WORK INSTRUCTION:
A word-for-word restatement of the full listing is required.

RECORDS FOR THIS EXERCISE:
lemma basis_of_card_eq_int_rank:
  assumes B: "basis_of {..<dim_col A} (col_indep A) B"
  shows "card B = int_rank A"
proof -
  have Bsub: "B \<subseteq> {..<dim_col A}" and Bind: "indep_cols (real_entry A) {..<dim_row A} B"
    using basis_of_indep[OF B] unfolding col_indep_iff_indep_cols by simp_all
  have "finite B" using Bsub by (rule finite_subset) simp
  obtain I where I: "I \<subseteq> {..<dim_row A}" "card I = card B" "minor (real_entry A) I B \<noteq> 0"
    by (rule indep_cols_obtain_nonzero_minor[OF \<open>finite B\<close> Bind])
  have "card B \<le> int_rank A" by (rule card_le_int_rank_if_minor_nonzero[OF I(1) Bsub I(3)])
  moreover have "int_rank A \<le> card B"
    unfolding int_rank_def
  proof (rule rank_le_if_indep_cols_card_le)
    fix J assume J: "J \<subseteq> {..<dim_col A}"
      and "indep_cols (\<lambda>i j. map_mat real_of_int A $$ (i, j)) {..<dim_row A} J"
    then have "indep_cols (real_entry A) {..<dim_row A} J"
      by (subst indep_cols_cong[where M' = "\<lambda>i j. map_mat real_of_int A $$ (i, j)"])
        (auto simp: real_entry_def subset_eq)
    then have "col_indep A J" using J unfolding col_indep_iff_indep_cols by simp
    then show "card J \<le> card B" by (rule matroid_card_le_basis[OF matroid_col_indep _ B])
  qed simp
  ultimately show ?thesis by simp
qed

lemma col_indep_card_le_int_rank:
  assumes "col_indep A X"
  shows "card X \<le> int_rank A"
proof -
  obtain B where B: "basis_of {..<dim_col A} (col_indep A) B"
    by (rule matroid_basis_exists[OF matroid_col_indep])
  show ?thesis
    using matroid_card_le_basis[OF matroid_col_indep assms B] basis_of_card_eq_int_rank[OF B] by simp
qed

lemma minimal_nonzero_max_minor_exists:
  obtains I B where "I \<subseteq> {..<dim_row A}" "card I = int_rank A"
    "B \<subseteq> {..<dim_col A}" "card B = int_rank A" "det (submatrix A I B) \<noteq> 0"
    "\<And>J. J \<subseteq> {..<dim_col A} \<Longrightarrow> card J = int_rank A \<Longrightarrow> det (submatrix A I J) \<noteq> 0 \<Longrightarrow>
       \<bar>det (submatrix A I B)\<bar> \<le> \<bar>det (submatrix A I J)\<bar>"
proof -
  obtain B where B: "basis_of {..<dim_col A} (col_indep A) B"
    by (rule matroid_basis_exists[OF matroid_col_indep])
  have Bsub: "B \<subseteq> {..<dim_col A}" and Bind: "indep_cols (real_entry A) {..<dim_row A} B"
    using basis_of_indep[OF B] unfolding col_indep_iff_indep_cols by simp_all
  have "finite B" using Bsub by (rule finite_subset) simp
  obtain I where I: "I \<subseteq> {..<dim_row A}" "card I = card B" "minor (real_entry A) I B \<noteq> 0"
    by (rule indep_cols_obtain_nonzero_minor[OF \<open>finite B\<close> Bind])
  have rank: "card B = int_rank A" by (rule basis_of_card_eq_int_rank[OF B])
  define S where "S = {J. J \<subseteq> {..<dim_col A} \<and> card J = int_rank A \<and> det (submatrix A I J) \<noteq> 0}"
  have "B \<in> S" using Bsub I(3) rank of_int_det_submatrix[OF I(1) Bsub] unfolding S_def by simp
  moreover have "finite S" unfolding S_def by (rule finite_subset[of _ "Pow {..<dim_col A}"]) auto
  ultimately obtain B' where "is_arg_min (\<lambda>J. \<bar>det (submatrix A I J)\<bar>) (\<lambda>J. J \<in> S) B'"
    using ex_is_arg_min_if_finite by blast
  then have "B' \<in> S" and min: "\<And>J. J \<in> S \<Longrightarrow> \<bar>det (submatrix A I B')\<bar> \<le> \<bar>det (submatrix A I J)\<bar>"
    unfolding is_arg_min_def by (auto simp: not_less)
  show thesis
  proof (rule that[of I B'])
    show "I \<subseteq> {..<dim_row A}" "card I = int_rank A" using I(1,2) rank by simp_all
    show "B' \<subseteq> {..<dim_col A}" "card B' = int_rank A" "det (submatrix A I B') \<noteq> 0"
      using \<open>B' \<in> S\<close> unfolding S_def by simp_all
  qed (use min S_def in simp)
qed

YOUR RESPONSE:
lemma basis_of_card_eq_int_rank:
  assumes B: "basis_of {..<dim_col A} (col_indep A) B"
  shows "card B = int_rank A"
proof -
  have Bsub: "B \<subseteq> {..<dim_col A}" and Bind: "indep_cols (real_entry A) {..<dim_row A} B"
    using basis_of_indep[OF B] unfolding col_indep_iff_indep_cols by simp_all
  have "finite B" using Bsub by (rule finite_subset) simp
  obtain I where I: "I \<subseteq> {..<dim_row A}" "card I = card B" "minor (real_entry A) I B \<noteq> 0"
    by (rule indep_cols_obtain_nonzero_minor[OF \<open>finite B\<close> Bind])
  have "card B \<le> int_rank A" by (rule card_le_int_rank_if_minor_nonzero[OF I(1) Bsub I(3)])
  moreover have "int_rank A \<le> card B"
    unfolding int_rank_def
  proof (rule rank_le_if_indep_cols_card_le)
    fix J assume J: "J \<subseteq> {..<dim_col A}"
      and "indep_cols (\<lambda>i j. map_mat real_of_int A $$ (i, j)) {..<dim_row A} J"
    then have "indep_cols (real_entry A) {..<dim_row A} J"
      by (subst indep_cols_cong[where M' = "\<lambda>i j. map_mat real_of_int A $$ (i, j)"])
        (auto simp: real_entry_def subset_eq)
    then have "col_indep A J" using J unfolding col_indep_iff_indep_cols by simp
    then show "card J \<le> card B" by (rule matroid_card_le_basis[OF matroid_col_indep _ B])
  qed simp
  ultimately show ?thesis by simp
qed

lemma col_indep_card_le_int_rank:
  assumes "col_indep A X"
  shows "card X \<le> int_rank A"
proof -
  obtain B where B: "basis_of {..<dim_col A} (col_indep A) B"
    by (rule matroid_basis_exists[OF matroid_col_indep])
  show ?thesis
    using matroid_card_le_basis[OF matroid_col_indep assms B] basis_of_card_eq_int_rank[OF B] by simp
qed

lemma minimal_nonzero_max_minor_exists:
  obtains I B where "I \<subseteq> {..<dim_row A}" "card I = int_rank A"
    "B \<subseteq> {..<dim_col A}" "card B = int_rank A" "det (submatrix A I B) \<noteq> 0"
    "\<And>J. J \<subseteq> {..<dim_col A} \<Longrightarrow> card J = int_rank A \<Longrightarrow> det (submatrix A I J) \<noteq> 0 \<Longrightarrow>
       \<bar>det (submatrix A I B)\<bar> \<le> \<bar>det (submatrix A I J)\<bar>"
proof -
  obtain B where B: "basis_of {..<dim_col A} (col_indep A) B"
    by (rule matroid_basis_exists[OF matroid_col_indep])
  have Bsub: "B \<subseteq> {..<dim_col A}" and Bind: "indep_cols (real_entry A) {..<dim_row A} B"
    using basis_of_indep[OF B] unfolding col_indep_iff_indep_cols by simp_all
  have "finite B" using Bsub by (rule finite_subset) simp
  obtain I where I: "I \<subseteq> {..<dim_row A}" "card I = card B" "minor (real_entry A) I B \<noteq> 0"
    by (rule indep_cols_obtain_nonzero_minor[OF \<open>finite B\<close> Bind])
  have rank: "card B = int_rank A" by (rule basis_of_card_eq_int_rank[OF B])
  define S where "S = {J. J \<subseteq> {..<dim_col A} \<and> card J = int_rank A \<and> det (submatrix A I J) \<noteq> 0}"
  have "B \<in> S" using Bsub I(3) rank of_int_det_submatrix[OF I(1) Bsub] unfolding S_def by simp
  moreover have "finite S" unfolding S_def by (rule finite_subset[of _ "Pow {..<dim_col A}"]) auto
  ultimately obtain B' where "is_arg_min (\<lambda>J. \<bar>det (submatrix A I J)\<bar>) (\<lambda>J. J \<in> S) B'"
    using ex_is_arg_min_if_finite by blast
  then have "B' \<in> S" and min: "\<And>J. J \<in> S \<Longrightarrow> \<bar>det (submatrix A I B')\<bar> \<le> \<bar>det (submatrix A I J)\<bar>"
    unfolding is_arg_min_def by (auto simp: not_less)
  show thesis
  proof (rule that[of I B'])
    show "I \<subseteq> {..<dim_row A}" "card I = int_rank A" using I(1,2) rank by simp_all
    show "B' \<subseteq> {..<dim_col A}" "card B' = int_rank A" "det (submatrix A I B') \<noteq> 0"
      using \<open>B' \<in> S\<close> unfolding S_def by simp_all
  qed (use min S_def in simp)
qed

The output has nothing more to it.